As can be seen from FIG. 2, the comparative example electrolyte membrane that was not irradiated by microwaves has a phosphorous retention rate of around 20%. However the first example electrolyte membrane irradiated with 250 Watt microwaves shows a phosphorous retention rate of around 40%, and that of the second example electrolyte membrane irradiated with 500 Watt microwaves is near to 80%. In light of the above proton conductivity evaluation it is apparent that proton conductivity is higher when phosphorous content is high. Accordingly, as compared to the electrolyte membrane of the comparative example, the electrolyte membranes of the first and second examples exhibit superior proton conductivity when used for a long period in conditions in which water is present.

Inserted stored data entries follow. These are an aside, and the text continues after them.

(* Let $\mathcal{I}$ be a finite set of closed intervals whose start- and endpoints are pairwise distinct, let $k\ge1$, and let $X$ and $\mathcal{S}$ be produced by the construction described in the context. Then every element of $X$ occurs in at most two constraints of $\mathcal{S}$, and $\mathcal{S}$ can be partitioned into two classes such that every element of $X$ occurring in two constraints occurs in one constraint of each class. Consequently, the multigraph with vertex set $\mathcal{S}$ and one edge $\{S,S'\}$ for each element of $X$ lying in the two constraints $S\neq S'$ is bipartite, and its proper edge colorings with $k$ colors correspond to colorings of $X$ in which the elements of each constraint receive pairwise distinct colors.
   Context: Construction. The events are the start- and endpoints of the intervals, scanned in increasing order. We maintain a list of active events (initially empty), a growing ground set $X$ (initially $\mathcal{I}$) and a family $\mathcal{S}$ of constraints (tuples of elements of $X$, initially empty). Whenever the active list is empty, the type of the next event (start or end) fixes the type of the current phase. Start phase: startpoints are appended to the active list. (a) If the active list contains startpoints of $k$ elements $I_1,\dots,I_k$ (actual intervals or virtual elements), add the constraint $(I_1,\dots,I_k)$ and clear the active list. (b) If the active list contains startpoints of $I_1,\dots,I_j$ with $j<k$ and the next event is the endpoint of some interval $I_{j+1}$, create new virtual elements $x_{j+1},\dots,x_k,y_1,\dots,y_{j-1}$ (added to $X$, not used before), add the constraints $(I_1,\dots,I_j,x_{j+1},\dots,x_k)$ and $(y_1,\dots,y_{j-1},I_{j+1},x_{j+1},\dots,x_k)$, and replace the active list by the (virtual) startpoints of $y_1,\dots,y_{j-1}$ (phase remains a start phase; if $j=1$ the list becomes empty). End phase: symmetric, with the roles of start- and endpoints interchanged. A proper edge coloring of a multigraph with $k$ colors assigns colors in $\{1,\dots,k\}$ to edges so that any two distinct edges sharing an endpoint get distinct colors. *)

theory Defs
  imports Complex_Main
begin

text \<open>An interval is a pair (a,b) of reals, denoting the closed interval {a..b}.\<close>
type_synonym interval = "real \<times> real"

datatype event = StartEv interval | EndEv interval

fun ev_pos :: "event \<Rightarrow> real" where
  "ev_pos (StartEv I) = fst I"
| "ev_pos (EndEv I) = snd I"

fun ev_is_start :: "event \<Rightarrow> bool" where
  "ev_is_start (StartEv I) = True"
| "ev_is_start (EndEv I) = False"

fun ev_interval :: "event \<Rightarrow> interval" where
  "ev_interval (StartEv I) = I"
| "ev_interval (EndEv I) = I"

definition events :: "interval set \<Rightarrow> event set" where
  "events \<I> = StartEv ` \<I> \<union> EndEv ` \<I>"

definition valid_intervals :: "interval set \<Rightarrow> bool" where
  "valid_intervals \<I> \<longleftrightarrow> finite \<I> \<and> (\<forall>I\<in>\<I>. fst I \<le> snd I) \<and> inj_on ev_pos (events \<I>)"

definition sorted_events :: "interval set \<Rightarrow> event list" where
  "sorted_events \<I> = sorted_key_list_of_set ev_pos (events \<I>)"

text \<open>Elements of the ground set: actual intervals or virtual elements (fresh names).\<close>
datatype elem = Real interval | Virt nat

text \<open>State of the construction:
  (phase (True = start phase, False = end phase), active list,
   number of virtual elements created so far, list of constraints created so far).
  The family of constraints is a list (indexed by position), since the same tuple
  may arise as two different constraints.\<close>
type_synonym cstate = "bool \<times> elem list \<times> nat \<times> elem list list"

It should be noted that it is also preferable if irradiation is performed with a microwave output of 500 Watts rather than 250 Watts. However, if the output level is too large, and irradiation is performed for a long time, there is a possibility that the electrolyte membrane will be damaged due to surface temperature increase. Accordingly, an optimal balance of microwave output and irradiation time is set. Of course, it is desirable if the optimal combination of these parameters is set based on a weight of the intermediate product, a surface area thereof and a thickness thereof.

Measurement of Proton Conductivity

The second example electrolyte membrane and the comparative example electrolyte membrane (respective intermediate products) were immersed in pure water, and left for twenty-four hours at room temperature. Following this, the electrolyte membranes were dried, and ion conductivity (S/cm) was measured in the same manner as described previously. The results are shown in FIG. 3.

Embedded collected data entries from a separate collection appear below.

lemma nonfaulty_receives:
  assumes fair: "fair_path Prop Acc T" and nf: "nonfaulty Prop Acc T x"
    and "m \<in># mu (T k)" and rcv: "mrcv m = x"
  shows "\<exists>n. occurs Prop Acc T (Rcv x m) n"
proof -
  have "\<exists>n\<ge>k. occurs Prop Acc T (Rcv x m) n"
  proof (rule fair_path_pending_occurs[where P = "\<lambda>n. m \<in># mu (T n)" and x = x])
    fix n
    assume "m \<in># mu (T n)" "\<not> occurs Prop Acc T (Rcv x m) n"
    moreover obtain l where "step Prop Acc l (T n) (T (Suc n))"
      using fair unfolding fair_path_def by (blast elim: transition_pathE)
    moreover have "\<forall>a. l \<noteq> Rcv a m"
      \<comment> \<open>only the receiver can take a message out of transit\<close>
      using calculation rcv by (auto simp: occurs_def step_def)
    ultimately show "m \<in># mu (T (Suc n))"
      by (blast intro: step_mu_persists)
  qed (use fair nf rcv \<open>m \<in># mu (T k)\<close> in
        \<open>simp_all add: is_snd_rcv_def enabled_Rcv nonfaulty_available(2)\<close>)
  then show ?thesis by blast
qed

lemma promise_eventually_received:
  assumes fair: "fair_path Prop Acc T"
    and p: "p \<in> Prop" "p \<notin> Acc" "nonfaulty Prop Acc T p"
    and q: "q \<in> Acc" "nonfaulty Prop Acc T q"
    and "P1 Prop Acc T b"
    and prepare: "Msg p q K1a b v \<in> out (st (T i) p)"
  shows "\<forall>\<^sub>F n in sequentially. \<exists>w. Msg q p K1b b w \<in> inbox (st (T n) p)"
proof -
  obtain k1 where "Msg p q K1a b v \<in># mu (T k1)"
    using nonfaulty_sends[OF fair p(3) prepare] by blast
  then obtain k2 where rcv_prepare: "occurs Prop Acc T (Rcv q (Msg p q K1a b v)) k2"
    using nonfaulty_receives[OF fair q(2)] by fastforce
  with \<open>P1 Prop Acc T b\<close> q(1) have "hi (st (T k2) q) < b"
    unfolding P1_def by (metis msg.sel(3,4))
  define promise where "promise = Msg q p K1b b (acc (st (T k2) q))"
  obtain s where answer: "rcv_rel Prop Acc q (Msg p q K1a b v) (st (T k2) q) s"
    and "st (T (Suc k2)) q = s"
    using rcv_prepare by (rule occurs_RcvE)
  then have "promise \<in> out (st (T (Suc k2)) q)"
    using rcv_rel_acceptor_promises[OF q(1) _ _ answer] \<open>hi (st (T k2) q) < b\<close>
    by (simp add: promise_def)
  then obtain k3 where "promise \<in># mu (T k3)"
    using nonfaulty_sends[OF fair q(2)] by blast
  then obtain k4 where "occurs Prop Acc T (Rcv p promise) k4"
    using nonfaulty_receives[OF fair p(3)] by (fastforce simp: promise_def)
  then obtain s where store: "rcv_rel Prop Acc p promise (st (T k4) p) s"
    and "st (T (Suc k4)) p = s"
    by (rule occurs_RcvE)
  then have "promise \<in> inbox (st (T (Suc k4)) p)"
    using rcv_rel_proposer_stores_promise[OF p(2,1) _ store] by (simp add: promise_def)
  with fair have "\<forall>\<^sub>F n in sequentially. promise \<in> inbox (st (T n) p)"
    unfolding fair_path_def by (blast intro: transition_path_eventually_in_inbox)
  then show ?thesis
    by (rule eventually_mono) (auto simp: promise_def)
qed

The electrolyte membrane of the second example that was irradiated by microwaves has a high phosphorous retention rate as discussed previously. Thus, as shown in FIG. 3, the second example exhibits hardly any fall in proton conductivity. In comparison with this, however, the non-processed comparative example electrolyte membrane (intermediate product) shows a substantial fall in proton conductivity due to phosphorous elution. Given these results, it is clear that proton conductivity is made more stable as a result of phosphorous fixing caused by the microwave irradiation.

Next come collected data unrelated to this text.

lemma semigroup_near_identity_uniformly:
  assumes "0 < e"
  shows "\<exists>\<rho>>0. \<exists>\<tau>>0. \<forall>t\<in>{0..\<tau>}. \<forall>q\<in>ball p \<rho>. norm (S t q - p) < e"
proof -
  obtain r t0 L where "r > 0" "t0 > 0" and lip: "\<And>t. t \<in> {0..t0} \<Longrightarrow> L-lipschitz_on (ball p r) (S t)"
    using semigroup_locally_lipschitz[of p] by blast
  obtain \<tau> where "\<tau> > 0" and \<tau>: "\<And>t. t \<in> {0..\<tau>} \<Longrightarrow> norm (S t p - p) < e / 2"
    using semigroup_near_identity[of "e / 2" p] assms by auto
  have "0 \<le> L"
    using lip[of 0] \<open>t0 > 0\<close> lipschitz_on_nonneg by auto
  define \<rho> where "\<rho> = min r (e / (2 * (L + 1)))"
  have "norm (S t q - p) < e" if t: "t \<in> {0..min t0 \<tau>}" and q: "q \<in> ball p \<rho>" for t q
  proof -
    have "norm (S t q - S t p) \<le> L * norm (q - p)"
      using lip[of t] t q \<open>r > 0\<close> by (intro lipschitz_on_normD) (auto simp: \<rho>_def)
    also have "\<dots> \<le> L * (e / (2 * (L + 1)))"
      using q \<open>0 \<le> L\<close> by (intro mult_left_mono) (auto simp: \<rho>_def dist_norm norm_minus_commute)
    also have "\<dots> \<le> e / 2"
      using \<open>0 \<le> L\<close> assms by (simp add: field_simps)
    finally show ?thesis
      using \<tau>[of t] t norm_triangle_ineq[of "S t q - S t p" "S t p - p"] by auto
  qed
  moreover have "0 < \<rho>" "0 < min t0 \<tau>"
    using \<open>r > 0\<close> \<open>t0 > 0\<close> \<open>\<tau> > 0\<close> \<open>0 \<le> L\<close> assms by (auto simp: \<rho>_def)
  ultimately show ?thesis
    by blast
qed

lemma semigroup_difference_quotient_bound:
  assumes "open U" "w \<in> U" "0 < h"
    and lip: "\<And>t. t \<in> {0..h} \<Longrightarrow> L-lipschitz_on U (S t)"
    and der: "((\<lambda>s. (1 / s) *\<^sub>R (S s w - w)) \<longlongrightarrow> v) (at_right 0)"
    and bound: "\<And>t. t \<in> {0..h} \<Longrightarrow> norm (S t (w + v) - S t w - v) + norm (S t w - S t (w - v) - v) \<le> B"
  shows "norm ((1 / h) *\<^sub>R (S h w - w) - v) \<le> B"
proof (rule field_le_epsilon)
  fix e :: real assume "0 < e"
  have "0 \<le> L"
    using lip[of 0] \<open>0 < h\<close> lipschitz_on_nonneg by auto
  have "eventually (\<lambda>\<delta>. norm ((1 / \<delta>) *\<^sub>R (S \<delta> w - w) - v) < e / (L + 1)
      \<and> S \<delta> w \<in> U \<and> w + \<delta> *\<^sub>R v \<in> U \<and> \<delta> \<le> 1) (at_right 0)"
  proof (intro eventually_conj)
    show "eventually (\<lambda>\<delta>. norm ((1 / \<delta>) *\<^sub>R (S \<delta> w - w) - v) < e / (L + 1)) (at_right 0)"
      using tendstoD[OF der, of "e / (L + 1)"] \<open>0 < e\<close> \<open>0 \<le> L\<close> by (simp add: dist_norm)
    show "eventually (\<lambda>\<delta>. S \<delta> w \<in> U) (at_right 0)"
      using topological_tendstoD[OF semigroup_tendsto_at_right_0 assms(1,2)] .
    have "((\<lambda>\<delta>. w + \<delta> *\<^sub>R v) \<longlongrightarrow> w + 0 *\<^sub>R v) (at_right 0)"
      by (intro tendsto_intros)
    then show "eventually (\<lambda>\<delta>. w + \<delta> *\<^sub>R v \<in> U) (at_right 0)"
      using topological_tendstoD[OF _ assms(1)] assms(2) by auto
    show "eventually (\<lambda>\<delta>. \<delta> \<le> (1::real)) (at_right 0)"
      by (auto simp: eventually_at_right_field intro!: exI[of _ 1])
  qed
  then obtain m where "0 < m"
    and \<delta>: "norm ((1 / (h / real m)) *\<^sub>R (S (h / real m) w - w) - v) < e / (L + 1)"
      "S (h / real m) w \<in> U" "w + (h / real m) *\<^sub>R v \<in> U" "h / real m \<le> 1"
    using eventually_at_right_0_fraction[OF _ \<open>0 < h\<close>] by blast
  define \<delta> where "\<delta> = h / real m"
  have "0 < \<delta>" "real m * \<delta> = h"
    using \<open>0 < h\<close> \<open>0 < m\<close> by (auto simp: \<delta>_def)
  have "L * norm ((1 / \<delta>) *\<^sub>R (S \<delta> w - w) - v) \<le> (L + 1) * norm ((1 / \<delta>) *\<^sub>R (S \<delta> w - w) - v)"
    by (simp add: mult_right_mono)
  also have "\<dots> \<le> e"
    using \<delta>(1) \<open>0 \<le> L\<close> by (simp add: \<delta>_def field_simps)
  finally have "L * norm ((1 / \<delta>) *\<^sub>R (S \<delta> w - w) - v) \<le> e" .
  have "norm ((1 / \<delta>) *\<^sub>R (S (real (Suc k) * \<delta>) w - S (real k * \<delta>) w) - v) \<le> B + e"
    if "k < m" for k
  proof -
    have t: "real k * \<delta> \<in> {0..h}"
      using that \<open>0 < \<delta>\<close> \<open>real m * \<delta> = h\<close> by (auto intro: mult_right_mono)
    have "S (real (Suc k) * \<delta>) w = S (real k * \<delta>) (S \<delta> w)"
      using \<open>0 < \<delta>\<close> semigroup_add[of \<delta> "real k * \<delta>" w] by (simp add: distrib_right add.commute)
    then show ?thesis
      using convex_op_difference_quotient_step[OF semigroup_convex lip[OF t], of "S \<delta> w" w \<delta> v]
        \<delta>(2-4) \<open>0 < \<delta>\<close> bound[OF t] \<open>L * norm ((1 / \<delta>) *\<^sub>R (S \<delta> w - w) - v) \<le> e\<close> t
      unfolding \<delta>_def[symmetric] by simp
  qed
  then have "norm ((1 / (real m * \<delta>)) *\<^sub>R (S (real m * \<delta>) w - S (real 0 * \<delta>) w) - v) \<le> B + e"
    using \<open>0 < m\<close> \<open>0 < \<delta>\<close> by (intro norm_average_difference_quotient_le[of _ _ "\<lambda>k. S (real k * \<delta>) w"])
  then show "norm ((1 / h) *\<^sub>R (S h w - w) - v) \<le> B + e"
    using \<open>real m * \<delta> = h\<close> by (simp add: semigroup_zero)
qed

lemma semigroup_increment_defects_small:
  assumes "0 < e"
  shows "\<exists>\<rho>>0. \<exists>\<tau>>0. \<forall>t\<in>{0..\<tau>}. \<forall>w\<in>ball x \<rho>. \<forall>v\<in>ball y \<rho>.
    norm (S t (w + v) - S t w - v) + norm (S t w - S t (w - v) - v) < e"
proof -
  have "0 < e / 6"
    using assms by simp
  obtain \<rho>1 \<tau>1 \<rho>2 \<tau>2 \<rho>3 \<tau>3 where "0 < \<rho>1" "0 < \<tau>1" "0 < \<rho>2" "0 < \<tau>2" "0 < \<rho>3" "0 < \<tau>3"
    and near1: "\<And>t q. t \<in> {0..\<tau>1} \<Longrightarrow> q \<in> ball (x + y) \<rho>1 \<Longrightarrow> norm (S t q - (x + y)) < e / 6"
    and near2: "\<And>t q. t \<in> {0..\<tau>2} \<Longrightarrow> q \<in> ball x \<rho>2 \<Longrightarrow> norm (S t q - x) < e / 6"
    and near3: "\<And>t q. t \<in> {0..\<tau>3} \<Longrightarrow> q \<in> ball (x - y) \<rho>3 \<Longrightarrow> norm (S t q - (x - y)) < e / 6"
    using semigroup_near_identity_uniformly[OF \<open>0 < e / 6\<close>, of "x + y"]
      semigroup_near_identity_uniformly[OF \<open>0 < e / 6\<close>, of x]
      semigroup_near_identity_uniformly[OF \<open>0 < e / 6\<close>, of "x - y"]
    by metis
  define \<rho> where "\<rho> = min (min (\<rho>1 / 2) \<rho>2) (min (\<rho>3 / 2) (e / 6))"
  define \<tau> where "\<tau> = min \<tau>1 (min \<tau>2 \<tau>3)"
  have "norm (S t (w + v) - S t w - v) + norm (S t w - S t (w - v) - v) < e"
    if t: "t \<in> {0..\<tau>}" and w: "w \<in> ball x \<rho>" and v: "v \<in> ball y \<rho>" for t w v
  proof -
    have "w + v \<in> ball (x + y) \<rho>1"
      using w v dist_triangle_add_half[of x w \<rho>1 y v] by (simp add: \<rho>_def)
    moreover have "w - v \<in> ball (x - y) \<rho>3"
      using w v dist_triangle_add_half[of x w \<rho>3 "- y" "- v"] by (simp add: \<rho>_def dist_minus)
    moreover have "w \<in> ball x \<rho>2" "norm (y - v) < e / 6"
      using w v by (auto simp: \<rho>_def dist_norm)
    moreover have "t \<in> {0..\<tau>1}" "t \<in> {0..\<tau>2}" "t \<in> {0..\<tau>3}"
      using t by (auto simp: \<tau>_def)
    ultimately show ?thesis
      using near1 near2 near3
        norm_diff_diff_le[of "S t (w + v)" "S t w" v "x + y" x]
        norm_diff_diff_le[of "S t w" "S t (w - v)" v x "x - y"]
      by fastforce
  qed
  moreover have "0 < \<rho>" "0 < \<tau>"
    using \<open>0 < \<rho>1\<close> \<open>0 < \<tau>1\<close> \<open>0 < \<rho>2\<close> \<open>0 < \<tau>2\<close> \<open>0 < \<rho>3\<close> \<open>0 < \<tau>3\<close> assms
    by (auto simp: \<rho>_def \<tau>_def)
  ultimately show ?thesis
    by blast
qed

lemma semigroup_tendsto_difference_quotient_of_approximants:
  assumes der: "\<And>n. ((\<lambda>h. (1 / h) *\<^sub>R (S h (xs n) - xs n)) \<longlongrightarrow> v n) (at_right 0)"
    and "xs \<longlonglongrightarrow> x" "v \<longlonglongrightarrow> y"
  shows "((\<lambda>h. (1 / h) *\<^sub>R (S h x - x)) \<longlongrightarrow> y) (at_right 0)"
proof (rule tendstoI)
  fix e :: real assume "0 < e"
  obtain r t0 L where "0 < r" "0 < t0" and lip: "\<And>t. t \<in> {0..t0} \<Longrightarrow> L-lipschitz_on (ball x r) (S t)"
    using semigroup_locally_lipschitz[of x] by blast
  obtain \<rho> \<tau> where "0 < \<rho>" "0 < \<tau>" and small: "\<And>t w u. t \<in> {0..\<tau>} \<Longrightarrow> w \<in> ball x \<rho> \<Longrightarrow> u \<in> ball y \<rho> \<Longrightarrow>
      norm (S t (w + u) - S t w - u) + norm (S t w - S t (w - u) - u) < e / 2"
    using semigroup_increment_defects_small[of "e / 2" x y] \<open>0 < e\<close> by auto
  have "norm ((1 / h) *\<^sub>R (S h x - x) - y) \<le> e / 2" if "0 < h" "h \<le> min t0 \<tau>" for h
  proof -
    have "eventually (\<lambda>n. xs n \<in> ball x (min r \<rho>) \<and> v n \<in> ball y \<rho>) sequentially"
      using assms(2,3) \<open>0 < r\<close> \<open>0 < \<rho>\<close>
      by (intro eventually_conj topological_tendstoD[where S = "ball _ _"]) auto
    then have "eventually (\<lambda>n. norm ((1 / h) *\<^sub>R (S h (xs n) - xs n) - v n) \<le> e / 2) sequentially"
    proof eventually_elim
      case (elim n)
      have "L-lipschitz_on (ball x r) (S t)" if "t \<in> {0..h}" for t
        using that \<open>h \<le> min t0 \<tau>\<close> by (auto intro: lip)
      moreover have "norm (S t (xs n + v n) - S t (xs n) - v n) + norm (S t (xs n) - S t (xs n - v n) - v n)
          \<le> e / 2" if "t \<in> {0..h}" for t
        using small[of t "xs n" "v n"] that \<open>h \<le> min t0 \<tau>\<close> elim by auto
      ultimately show ?case
        using elim \<open>0 < h\<close> by (intro semigroup_difference_quotient_bound[OF open_ball _ _ _ der]) auto
    qed
    moreover have "(\<lambda>n. (1 / h) *\<^sub>R (S h (xs n) - xs n) - v n) \<longlonglongrightarrow> (1 / h) *\<^sub>R (S h x - x) - y"
      using \<open>0 < h\<close> assms(2,3)
      by (intro tendsto_intros continuous_on_tendsto_compose[OF semigroup_continuous]) auto
    ultimately show ?thesis
      by (intro tendsto_upperbound[OF tendsto_norm]) auto
  qed
  then have "eventually (\<lambda>h. norm ((1 / h) *\<^sub>R (S h x - x) - y) \<le> e / 2) (at_right 0)"
    unfolding eventually_at_right_field using \<open>0 < t0\<close> \<open>0 < \<tau>\<close>
    by (intro exI[of _ "min t0 \<tau>"]) auto
  then show "eventually (\<lambda>h. dist ((1 / h) *\<^sub>R (S h x - x)) y < e) (at_right 0)"
    by eventually_elim (use \<open>0 < e\<close> in \<open>auto simp: dist_norm\<close>)
qed

end

lemma tendsto_generator:
  "x \<in> gen_domain S \<Longrightarrow> ((\<lambda>h. (1 / h) *\<^sub>R (S h x - x)) \<longlongrightarrow> generator S x) (at_right 0)"
  unfolding gen_domain_def generator_def by (auto simp: tendsto_Lim)

lemma gen_domain_generatorI:
  "((\<lambda>h. (1 / h) *\<^sub>R (S h x - x)) \<longlongrightarrow> y) (at_right 0) \<Longrightarrow> x \<in> gen_domain S \<and> generator S x = y"
  unfolding gen_domain_def generator_def by (auto intro: tendsto_Lim)

theorem proposition3p4:
  fixes S :: "real \<Rightarrow> 'a::banach_lattice \<Rightarrow> 'a"
    and xs :: "nat \<Rightarrow> 'a" and x y :: 'a
  assumes "order_continuous_norm TYPE('a)"
    and "convex_C0_semigroup S"
    and "\<And>n. xs n \<in> gen_domain S"
    and "xs \<longlonglongrightarrow> x"
    and "(\<lambda>n. generator S (xs n)) \<longlonglongrightarrow> y"
  shows "x \<in> gen_domain S \<and> generator S x = y"
proof -
  have "((\<lambda>h. (1 / h) *\<^sub>R (S h x - x)) \<longlongrightarrow> y) (at_right 0)"
    using semigroup_tendsto_difference_quotient_of_approximants[OF assms(2) tendsto_generator[OF assms(3)]]
      assms(4,5) .
  then show ?thesis
    by (rule gen_domain_generatorI)
qed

Evaluation of Heat Resisting Properties

Using the first process step described above, an intermediate product was obtained with an average molecular weight of polyethylene glycol of 400 and a phosphorous to sulfur ratio of 2:1. Moreover, the thermal stability of the intermediate product was confirmed using TG-DTA The results are shown in FIG. 4.

As shown in FIG. 4, weight reduction resulting from release of absorbed water, and an endothermic reaction were observed up until about 200 degree C. However, from around 250 degrees C. and upwards, weight reduction resulting from destruction of the electrolyte membrane, and an exothermic reaction were observed. Based on these results, it is apparent that the intermediate product has adequate heat resisting properties up until around 200 degrees C. In other words, the heat resisting properties of the intermediate product are improved by the hybrid combination of the phosphoric acid and the polyethylene glycol of the skeleton. As a result, an electrolyte membrane is obtained that can operate in a higher temperature range than conventional electrolyte membranes.

INDUSTRIAL APPLICABILITY

The combining method of the present invention can be desirably applied to manufacturing methods for fuel cell and sensors, and to the manufacture of electrodes for fuel cells, or similar. Further, it is preferable if the proton conducting material is phosphoric acid or a phoshide.

Claims

1. A combining method comprising a step of: combining a proton conducting material including a hydroxyl group with a skeleton formed from a hydrocarbon-based polymer including a hydroxyl group, the combining step being executed by performing irradiation with microwaves with a wavelength that selectively imparts energy to the hydroxyl group.

2. The combining method according to claim 1, wherein the hydrocarbon-based polymer includes metal alkoxide.

3. The combining method according to claim 1, wherein the proton conducting material is one of phosphoric acid and a phoshide.